Dans ses échanges avec les dirigeants algériens, Anthony Blinken a confirmé l’intention de la Maison-Blanche de soutenir les géants américains des hydrocarbures qui voudront investir en Algérie et permettre à notre pays de profiter leurs technologies novatrices permettant de limiter les dégâts environnementaux lors de l’exploitation des gisements de gaz de schiste.

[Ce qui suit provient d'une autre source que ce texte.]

(* Consider the closed-loop system $\dot p_i=\mathrm{sat}(v_i^{\mathrm{ms}}(\mathbf p)+v_i^{\mathrm{cv}}(\mathbf p))$, $i=1,\dots,n$, defined in the context (i.e., with every robot using the true masses $P_k(\mathbf p)$). Then from any initial state $\mathbf p(t_0)\in\mathbb{R}^{dn}$, the solution $\mathbf p(t)$ converges to the set $\mathcal{D}=\{\mathbf p\in\mathbb{R}^{dn}:\nabla_{\mathbf p}F(\mathbf p)=0\}$ as $t\to\infty$.
   Context: Setting: $n\ge2$ robots in $\mathbb{R}^d$, positions $p_i\in\mathbb{R}^d$, configuration $\mathbf p=[p_1^\top,\dots,p_n^\top]^\top\in\mathbb{R}^{dn}$; fixed sample points $q_1,\dots,q_m\in\mathbb{R}^d$; constants $\beta>0$, $\sigma_1>0$, $\sigma_2>0$, $\varepsilon\in(0,1)$, $r_{\mathrm{avoid}}>0$, $v_{\max}>0$. Mass: $P_k(\mathbf p)=\frac1n\sum_{i=1}^n e^{-\beta\|q_k-p_i\|^2}$. Error metric: $F(\mathbf p)=F_{\max}(\mathbf p)+F_{\mathrm{uni}}(\mathbf p)$ with $F_{\max}=-\ln\sqrt{\sum_{k=1}^mP_k^2}$ and $F_{\mathrm{uni}}=-\frac1m\sum_{k=1}^m\ln\sqrt{mP_k^2/\sum_{l=1}^mP_l^2}$. Meanshift command: $v_i^{\mathrm{ms}}(\mathbf p)=\dfrac{\frac{\sigma_1}{m}\sum_{k=1}^m P_k(\mathbf p)^{-1}e^{-\beta\|q_k-p_i\|^2}(q_k-p_i)}{\sum_{k=1}^m P_k(\mathbf p)^{-1}e^{-\beta\|q_k-p_i\|^2}}$. Repulsive term: $\tilde v_i^{\mathrm{cv}}=\sigma_2\sum_{j\ne i,\ \|p_i-p_j\|\le r_{\mathrm{avoid}}}\frac{r_{\mathrm{avoid}}-\|p_i-p_j\|}{\|p_i-p_j\|+\varepsilon}(p_i-p_j)$. With $\varphi=\min\{\|v_i^{\mathrm{ms}}\|^2/\varepsilon,1\}$, the gain is $\kappa_2=\varphi$ if $(v_i^{\mathrm{ms}})^\top\tilde v_i^{\mathrm{cv}}\ge0$ and $\kappa_2=\varphi\min\{-(1-\varepsilon)\|v_i^{\mathrm{ms}}\|^2/((v_i^{\mathrm{ms}})^\top\tilde v_i^{\mathrm{cv}}),1\}$ if $(v_i^{\mathrm{ms}})^\top\tilde v_i^{\mathrm{cv}}<0$; collision-avoidance command $v_i^{\mathrm{cv}}=\kappa_2\tilde v_i^{\mathrm{cv}}$. Saturation: $\mathrm{sat}(z)=v_{\max}z/\|z\|$ if $\|z\|>v_{\max}$, and $\mathrm{sat}(z)=z$ otherwise. *)

theory Defs
  imports "HOL-Analysis.Analysis"
begin

text \<open>Robots are indexed by a finite type 'n (n = CARD('n)), sample points by a
finite type 'k (m = CARD('k)); positions live in real^'d, and a configuration
x :: (real^'d)^'n is the stacked vector p in R^(dn) (with its Euclidean norm).\<close>

definition mass :: "real \<Rightarrow> ('k \<Rightarrow> real^'d) \<Rightarrow> (real^'d)^'n::finite \<Rightarrow> 'k \<Rightarrow> real" where
  "mass \<beta> q x k = (1 / real CARD('n)) * (\<Sum>i\<in>UNIV. exp (- \<beta> * (norm (q k - x$i))\<^sup>2))"

definition F_max :: "real \<Rightarrow> ('k::finite \<Rightarrow> real^'d) \<Rightarrow> (real^'d)^'n::finite \<Rightarrow> real" where
  "F_max \<beta> q x = - ln (sqrt (\<Sum>k\<in>UNIV. (mass \<beta> q x k)\<^sup>2))"

definition F_uni :: "real \<Rightarrow> ('k::finite \<Rightarrow> real^'d) \<Rightarrow> (real^'d)^'n::finite \<Rightarrow> real" where
  "F_uni \<beta> q x = - (1 / real CARD('k)) *
     (\<Sum>k\<in>UNIV. ln (sqrt (real CARD('k) * (mass \<beta> q x k)\<^sup>2 / (\<Sum>l\<in>UNIV. (mass \<beta> q x l)\<^sup>2))))"

definition F_err :: "real \<Rightarrow> ('k::finite \<Rightarrow> real^'d) \<Rightarrow> (real^'d)^'n::finite \<Rightarrow> real" where
  "F_err \<beta> q x = F_max \<beta> q x + F_uni \<beta> q x"

definition v_ms :: "real \<Rightarrow> real \<Rightarrow> ('k::finite \<Rightarrow> real^'d) \<Rightarrow> (real^'d)^'n::finite \<Rightarrow> 'n \<Rightarrow> real^'d" where
  "v_ms \<beta> \<sigma>1 q x i =
     (1 / (\<Sum>k\<in>UNIV. inverse (mass \<beta> q x k) * exp (- \<beta> * (norm (q k - x$i))\<^sup>2))) *\<^sub>R
     ((\<sigma>1 / real CARD('k)) *\<^sub>R
       (\<Sum>k\<in>UNIV. (inverse (mass \<beta> q x k) * exp (- \<beta> * (norm (q k - x$i))\<^sup>2)) *\<^sub>R (q k - x$i)))"

definition v_cv_tilde :: "real \<Rightarrow> real \<Rightarrow> real \<Rightarrow> (real^'d)^'n::finite \<Rightarrow> 'n \<Rightarrow> real^'d" where
  "v_cv_tilde \<sigma>2 \<epsilon> r_avoid x i =
     \<sigma>2 *\<^sub>R (\<Sum>j\<in>{j. j \<noteq> i \<and> norm (x$i - x$j) \<le> r_avoid}.
        ((r_avoid - norm (x$i - x$j)) / (norm (x$i - x$j) + \<epsilon>)) *\<^sub>R (x$i - x$j))"

definition kappa2 :: "real \<Rightarrow> real^'d \<Rightarrow> real^'d \<Rightarrow> real" where
  "kappa2 \<epsilon> vms vt =
     (let \<phi> = min ((norm vms)\<^sup>2 / \<epsilon>) 1 in
      if vms \<bullet> vt \<ge> 0 then \<phi>
      else \<phi> * min (- (1 - \<epsilon>) * (norm vms)\<^sup>2 / (vms \<bullet> vt)) 1)"

definition v_cv :: "real \<Rightarrow> real \<Rightarrow> real \<Rightarrow> real \<Rightarrow> real \<Rightarrow> ('k::finite \<Rightarrow> real^'d) \<Rightarrow> (real^'d)^'n::finite \<Rightarrow> 'n \<Rightarrow> real^'d" where
  "v_cv \<beta> \<sigma>1 \<sigma>2 \<epsilon> r_avoid q x i =
     kappa2 \<epsilon> (v_ms \<beta> \<sigma>1 q x i) (v_cv_tilde \<sigma>2 \<epsilon> r_avoid x i) *\<^sub>R v_cv_tilde \<sigma>2 \<epsilon> r_avoid x i"

definition sat :: "real \<Rightarrow> real^'d \<Rightarrow> real^'d" where
  "sat v_max z = (if norm z > v_max then (v_max / norm z) *\<^sub>R z else z)"

definition closed_loop :: "real \<Rightarrow> real \<Rightarrow> real \<Rightarrow> real \<Rightarrow> real \<Rightarrow> real \<Rightarrow> ('k::finite \<Rightarrow> real^'d) \<Rightarrow> (real^'d)^'n::finite \<Rightarrow> (real^'d)^'n" where
  "closed_loop \<beta> \<sigma>1 \<sigma>2 \<epsilon> r_avoid v_max q x =
     (\<chi> i. sat v_max (v_ms \<beta> \<sigma>1 q x i + v_cv \<beta> \<sigma>1 \<sigma>2 \<epsilon> r_avoid q x i))"

definition crit_set :: "real \<Rightarrow> ('k::finite \<Rightarrow> real^'d) \<Rightarrow> ((real^'d)^'n::finite) set" where
  "crit_set \<beta> q = {x. (F_err \<beta> q has_derivative (\<lambda>h. 0)) (at x)}"

end

theory Submission
  imports Defs
begin
lemma Phi_orbit_sym: "a \<in> port.starts True \<Longrightarrow> b \<in> Phi_orbit a \<Longrightarrow> a \<in> Phi_orbit b"
  using funpow_orbit_sym[OF finite_port_starts inj_on_Phi_port Phi_port_closed] .

end

text \<open>Removing the arrow leaving c0 cuts the tree in two; on_side c says that the vertex of the
  port c lies in the part containing the source of that arrow.\<close>

locale gentle_tree_cut = gentle_tree +
  fixes c0 assumes c0_out_port: "c0 \<in> out_ports"
begin

definition "on_side c \<longleftrightarrow> (s (arrow_at c0), fst c) \<in> (edges_of (A - {arrow_at c0}) s t)\<^sup>*"

lemma c0_port: "c0 \<in> ports" using c0_out_port out_ports_subset by auto

lemma c0_on_side: "on_side c0"
  using arrow_at[OF c0_out_port] unfolding on_side_def by (metis fst_conv rtrancl.rtrancl_refl)

lemma step_c0_off_side: "\<not> on_side (step b c0)"
  using arrow_is_bridge arrow_at[OF c0_out_port] unfolding on_side_def by simp

lemma on_side_step:
  assumes d: "d \<in> out_ports" "d \<noteq> c0" shows "on_side (step b d) \<longleftrightarrow> on_side d"
proof -
  have "arrow_at d \<in> A" "fst d = s (arrow_at d)" "arrow_at d \<noteq> arrow_at c0"
    using arrow_at[OF d(1)] arrow_at[OF c0_out_port] d by (auto simp: prod_eq_iff)
  then show ?thesis unfolding on_side_def using edges_of_other_arrow rtrancl_trans
    by (metis fst_step)
qed

lemma on_side_funpow:
  assumes "i \<le> m" "\<forall>j. i \<le> j \<and> j < m \<longrightarrow> (step b ^^ j) x \<in> out_ports \<and> (step b ^^ j) x \<noteq> c0"
  shows "on_side ((step b ^^ m) x) \<longleftrightarrow> on_side ((step b ^^ i) x)"
  using assms
proof (induction m)
  case (Suc m)
  show ?case
  proof (cases "i = Suc m")
    case False
    then have "i \<le> m" using Suc.prems by simp
    then show ?thesis using Suc on_side_step[of "(step b ^^ m) x"] by simp
  qed simp
qed simp

lemma on_side_run_avoiding_c0:
  assumes x: "x \<in> port.starts b" and avoid: "\<forall>j<port.run_length b x. (step b ^^ j) x \<noteq> c0"
    and i: "i \<le> port.run_length b x"
  shows "on_side ((step b ^^ i) x) \<longleftrightarrow> on_side x"
  using on_side_funpow[of 0 i b x] port.run_length(2)[OF x] avoid i by simp

lemma run_avoids_c0_if_ends_on_side:
  assumes x: "x \<in> port.starts b" and end_on_side: "on_side (port.run_end b x)"
  shows "\<forall>j<port.run_length b x. (step b ^^ j) x \<noteq> c0"
proof (intro allI impI notI)
  fix j assume j: "j < port.run_length b x" and c0: "(step b ^^ j) x = c0"
  have "(step b ^^ j') x \<noteq> c0" if "Suc j \<le> j'" "j' < port.run_length b x" for j'
  proof
    assume "(step b ^^ j') x = c0"
    then have "port.reaches b x j' c0" using that port.run_length(2)[OF x]
      unfolding port.reaches_def by auto
    from port.reaches_first[OF x this, of j] show False using c0 that by simp
  qed
  then have "on_side (port.run_end b x) \<longleftrightarrow> on_side ((step b ^^ Suc j) x)"
    using on_side_funpow[of "Suc j" "port.run_length b x" b x] port.run_length(2)[OF x] j
    unfolding port.run_end_def by simp
  then show False using end_on_side step_c0_off_side c0 by simp
qed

Selon nos sources, l’engagement américain à soutenir les investissements de l’Algérie dans le gaz de schiste n’a pas été accompagné par des propositions chiffrées. Du moins pour l’instant, il s’agit d’un accord de principe et d’une promesse solennelle de l’administration américaine pour accompagner l’Algérie dans cette aventure du gaz de schiste. Il semble que cet accord pourrait se concrétiser très rapidement si l’Algérie assure à Washington qu’elle fera ouvertement des efforts pour maintenir sa distance avec l’Iran, l’ennemi d’Israël des monarchies du Golfe, à savoir les précieux alliés des Etats-Unis, et réduit drastiquement sa dépendance politique vis-à-vis de la Russie de Poutine, assurent certaines nos sources qui ont assisté à ces pourparlers entre Blinken et Tebboune ainsi que plusieurs autres dirigeants algériens au Palais Présidentiel d’El-Mouradia.

Cependant, l’ambassade des Etats-Unis à Alger se charge de coordonner les échanges et pourparlers de plusieurs groupes américains avec le ministère de l’Energie et la Sonatrach en vue de préparer le terrain à d’éventuels accords pour l’exploitation des réserves algériens du gaz de schiste.

L’intérêt américain pour le gaz de schiste algérien n’est pas nouveau. Depuis au moins 2018, des négociations officieuses ont été lancées par des majors américains comme le géant ExxonMobil avec la Sonatrach pour défricher le terrain et relancer de nouveaux travaux d’exploration pour identifier les premiers gisements à exploiter en priorité. Ce processus nécessite des investissements gigantesques. A l’époque, une étude confidentielle présentée en marge des pourparlers entre Sonatrach et ExxonMobil avait dévoilé un montant de 200 milliards de dollars d’investissements nécessaires sur une période de 10 ans pour lancer en grande pompe la production et l’exportation du gaz de schiste en Algérie.

Rappelons enfin que les actuelles réserves nationales de gaz de schiste placent l’Algérie au troisième rang mondial derrière les Etats-Unis et l’Argentine, d’après l’Agence de l’information sur l’énergie (EIA) américaine.